Однако академический мир, в основном, сопротивлялся Лысенко, считая его идеи сомнительными. Центром этого сопротивления стал Институт растениеводства. Директор этого института Н. И. Вавилов, большую часть своей сознательной жизни провел, собирая и изучая колоссальное разнообразие видов растений с целью перекрестного опыления для селекции высокопродуктивных и устойчивых к болезням гибридов. По иронии судьбы сам Вавилов был ярым социалистом. Он верил только в широкомасштабные эксперименты и считал, что только социалистическая система может гарантировать ресурсы для их проведения и организации. Его работы основывались на менделевской генетике, в научном отношении обоснованной куда лучше.

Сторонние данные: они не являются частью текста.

lemma sum_atMost_eq_twice_upper_half:
  fixes g :: "nat \<Rightarrow> 'a::semiring_1"
  assumes "1 \<le> r" and "\<And>j. j \<le> 2 * r - 1 \<Longrightarrow> g (2 * r - 1 - j) = g j"
  shows "(\<Sum>j\<le>2 * r - 1. g j) = 2 * (\<Sum>j=r..2 * r - 1. g j)"
proof -
  have "(\<Sum>j<r. g j) = (\<Sum>j=r..2 * r - 1. g (2 * r - 1 - j))"
    by (rule sum.reindex_bij_witness[of _ "\<lambda>j. 2 * r - 1 - j" "\<lambda>j. 2 * r - 1 - j"])
      (use assms(1) in auto)
  also have "\<dots> = (\<Sum>j=r..2 * r - 1. g j)"
    using assms(2) by (intro sum.cong) auto
  finally have lower: "(\<Sum>j<r. g j) = (\<Sum>j=r..2 * r - 1. g j)" .
  have "{..2 * r - 1} = {..<r} \<union> {r..2 * r - 1}"
    using assms(1) by auto
  then have "(\<Sum>j\<le>2 * r - 1. g j) = (\<Sum>j<r. g j) + (\<Sum>j=r..2 * r - 1. g j)"
    by (metis finite_atLeastAtMost finite_lessThan ivl_disj_int_one(4) sum.union_disjoint)
  then show ?thesis
    unfolding lower mult_2 .
qed

lemma supertrace_dot_eq_twice_upper_half:
  fixes G :: "real \<Rightarrow> nat \<Rightarrow> 'a::real_normed_field mat"
  assumes "1 \<le> r" and d: "d = 2 * r - 1" and fam: "smooth_chirality_family d n G"
  shows "supertrace_dot d (G t) (\<lambda>j. mat_deriv (\<lambda>s. G s j) t)
           = 2 * (\<Sum>j=r..d. (-1) ^ j * mat_trace (mat_deriv (\<lambda>s. G s (d - j)) t * G t j))"
proof -
  let ?g = "\<lambda>j. (-1) ^ j * mat_trace (mat_deriv (\<lambda>s. G s (d - j)) t * G t j)"
  have "?g (d - j) = ?g j" if j: "j \<le> d" for j
  proof -
    have "(-1 :: 'a) ^ (d - j) = - ((-1) ^ j)"
      by (rule minus_one_power_eq_neg_if_odd_add) (use assms(1) d j in auto)
    moreover have "d - (d - j) = j" using j by simp
    ultimately show ?thesis
      using smooth_chirality_family_trace_antisym[OF fam j] by simp
  qed
  then show ?thesis
    unfolding supertrace_dot_def
    using sum_atMost_eq_twice_upper_half[OF assms(1), of ?g, folded d] by blast
qed

lemma mat_of_cols_unit_vecs: "mat_of_cols n (unit_vecs n) = 1\<^sub>m n"
  by (intro eq_matI) (auto simp: mat_of_cols_def unit_vecs_def)

lemma mat_of_cols_mult_unit_vecs:
  fixes A :: "'a::semiring_1 mat"
  assumes "A \<in> carrier_mat nr nc"
  shows "mat_of_cols nr (map (\<lambda>v. A *\<^sub>v v) (unit_vecs nc)) = A"
  using assms by (intro eq_matI) (auto simp: mat_of_cols_def unit_vecs_def)

lemma cgamma_coeff_below: "j < r \<Longrightarrow> cgamma_coeff r n G j = 1"
  by (simp add: cgamma_coeff_def wedge_coeff_def mat_of_cols_unit_vecs)

lemma cgamma_coeff_above:
  fixes G :: "nat \<Rightarrow> 'a::field mat"
  assumes "r \<le> j" and "G (2 * r - 1 - j) \<in> carrier_mat (n j) (n (2 * r - 1 - j))"
  shows "cgamma_coeff r n G j = det (G (2 * r - 1 - j))"
  using assms by (simp add: cgamma_coeff_def wedge_coeff_def mat_of_cols_mult_unit_vecs)

lemma has_vector_derivative_hcoeff:
  fixes G :: "real \<Rightarrow> nat \<Rightarrow> 'a::real_normed_field mat"
  assumes d: "d = 2 * r - 1" and fam: "smooth_chirality_family d n G" and "adapted d n D z a"
    and j: "r \<le> j" "j \<le> d"
  shows "((\<lambda>s. hcoeff r n D z a (G s) j) has_vector_derivative
           mat_trace (mat_deriv (\<lambda>s. G s (d - j)) t * G t j) * hcoeff r n D z a (G t) j) (at t)"
    and "hcoeff r n D z a (G t) j \<noteq> 0"
proof -
  have jj: "d - (d - j) = j" and j': "d - j \<le> d" using j by auto
  have G: "G s (d - j) \<in> carrier_mat (n j) (n (d - j))" for s
    using is_chirality_blocks(2)[OF smooth_chirality_family_is_chirality[OF fam] j(2)] .
  have h: "hcoeff r n D z a (G s) j = det (G s (d - j)) / wedge_coeff (n j) (Blist D a j @ z j @ a j)" for s
    using cgamma_coeff_above[where G = "G s", OF j(1) G[of s, unfolded d]] unfolding hcoeff_def d by simp
  have w: "wedge_coeff (n j) (Blist D a j @ z j @ a j) \<noteq> 0"
    using assms(3) j(2) unfolding adapted_def wedge_coeff_def by auto
  note det = smooth_chirality_family_has_vector_derivative_det[OF fam j', of t, unfolded jj]
  show "((\<lambda>s. hcoeff r n D z a (G s) j) has_vector_derivative
      mat_trace (mat_deriv (\<lambda>s. G s (d - j)) t * G t j) * hcoeff r n D z a (G t) j) (at t)"
    unfolding h using has_vector_derivative_divide[OF det(1)] by simp
  show "hcoeff r n D z a (G t) j \<noteq> 0"
    unfolding h using det(2) w by simp
qed

lemma has_vector_derivative_rho_factor:
  fixes G :: "real \<Rightarrow> nat \<Rightarrow> 'a::real_normed_field mat"
  assumes "d = 2 * r - 1" and "smooth_chirality_family d n G" and "adapted d n D z a" and "j \<le> d"
  shows "((\<lambda>s. if even j then hcoeff r n D z a (G s) j else inverse (hcoeff r n D z a (G s) j))
           has_vector_derivative
           (if r \<le> j then (-1) ^ j * mat_trace (mat_deriv (\<lambda>s. G s (d - j)) t * G t j) else 0) *
           (if even j then hcoeff r n D z a (G t) j else inverse (hcoeff r n D z a (G t) j))) (at t)"
proof (cases "r \<le> j")
  case False
  then have "hcoeff r n D z a (G s) j = hcoeff r n D z a (G t) j" for s
    by (simp add: hcoeff_def cgamma_coeff_below)
  then have "(\<lambda>s. if even j then hcoeff r n D z a (G s) j else inverse (hcoeff r n D z a (G s) j))
      = (\<lambda>s. if even j then hcoeff r n D z a (G t) j else inverse (hcoeff r n D z a (G t) j))"
    by metis
  then show ?thesis
    using False by simp
next
  case True
  note h = has_vector_derivative_hcoeff[OF assms(1-3) True assms(4)]
  show ?thesis
    using True h has_vector_derivative_inverse_logarithmic[OF h] by auto
qed

theorem proposition4p5:
  fixes r d :: nat and n :: "nat \<Rightarrow> nat" and D :: "nat \<Rightarrow> 'a::real_normed_field mat"
    and G :: "real \<Rightarrow> nat \<Rightarrow> 'a mat"
  assumes "r \<ge> 1" and "d = 2 * r - 1"
    and "is_complex d n D"
    and "smooth_chirality_family d n G"
    and "adapted d n D z a"
  shows "((\<lambda>s. rho_coord r n D z a (G s)) has_vector_derivative
           (1 / 2 * supertrace_dot d (G t) (\<lambda>j. mat_deriv (\<lambda>s. G s j) t)) * rho_coord r n D z a (G t))
         (at t)"
proof -
  let ?T = "\<lambda>j. mat_trace (mat_deriv (\<lambda>s. G s (d - j)) t * G t j)"
  define \<phi> where "\<phi> j s = (if even j then hcoeff r n D z a (G s) j else inverse (hcoeff r n D z a (G s) j))"
    for j s
  define \<sigma> where "\<sigma> = (-1 :: 'a) powi (R_exp r n + N_exp d a)"
  have rho: "rho_coord r n D z a (G s) = \<sigma> * (\<Prod>j\<le>d. \<phi> j s)" for s
    unfolding rho_coord_def \<phi>_def \<sigma>_def assms(2) ..
  have "((\<lambda>s. \<Prod>j\<le>d. \<phi> j s) has_vector_derivative
      (\<Sum>j\<le>d. if r \<le> j then (-1) ^ j * ?T j else 0) * (\<Prod>j\<le>d. \<phi> j t)) (at t)"
    unfolding \<phi>_def using has_vector_derivative_rho_factor[OF assms(2,4,5)]
    by (intro has_vector_derivative_prod_logarithmic) auto
  moreover have "(\<Sum>j\<le>d. if r \<le> j then (-1) ^ j * ?T j else 0) = (\<Sum>j=r..d. (-1) ^ j * ?T j)"
    by (intro sum.mono_neutral_cong_right) auto
  ultimately have "((\<lambda>s. \<Prod>j\<le>d. \<phi> j s) has_vector_derivative
      (\<Sum>j=r..d. (-1) ^ j * ?T j) * (\<Prod>j\<le>d. \<phi> j t)) (at t)"
    by (simp only:)
  then have "((\<lambda>s. \<sigma> * (\<Prod>j\<le>d. \<phi> j s)) has_vector_derivative
      (\<Sum>j=r..d. (-1) ^ j * ?T j) * (\<sigma> * (\<Prod>j\<le>d. \<phi> j t))) (at t)"
    by (rule has_vector_derivative_eq_rhs[OF has_vector_derivative_mult_right]) (rule mult.left_commute)
  moreover have "1 / 2 * supertrace_dot d (G t) (\<lambda>j. mat_deriv (\<lambda>s. G s j) t) = (\<Sum>j=r..d. (-1) ^ j * ?T j)"
    unfolding supertrace_dot_eq_twice_upper_half[OF assms(1,2,4)] by simp
  ultimately show ?thesis
    unfolding rho by (simp only:)
qed

end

Но в 1938 г. Лысенко благодаря партийной системе назначений стал президентом Всесоюзной академии сельскохозяйственных наук им. В. И. Ленина. Таким образом, он стал высшим судьей по всем этим вопросам. Он и его сотрудники усвоили сталинскую технику наклеивания ярлыков и принялись поносить Вавилова и других своих оппонентов как “вредителей”, “троцкистов” и “кулацких прихлебателей”. Это привело к вожделенным результатам — в 1940 г. Вавилов был арестован и обвинен в шпионаже в пользу Британии и саботаже в области сельского хозяйства. Позже он умер в лагере.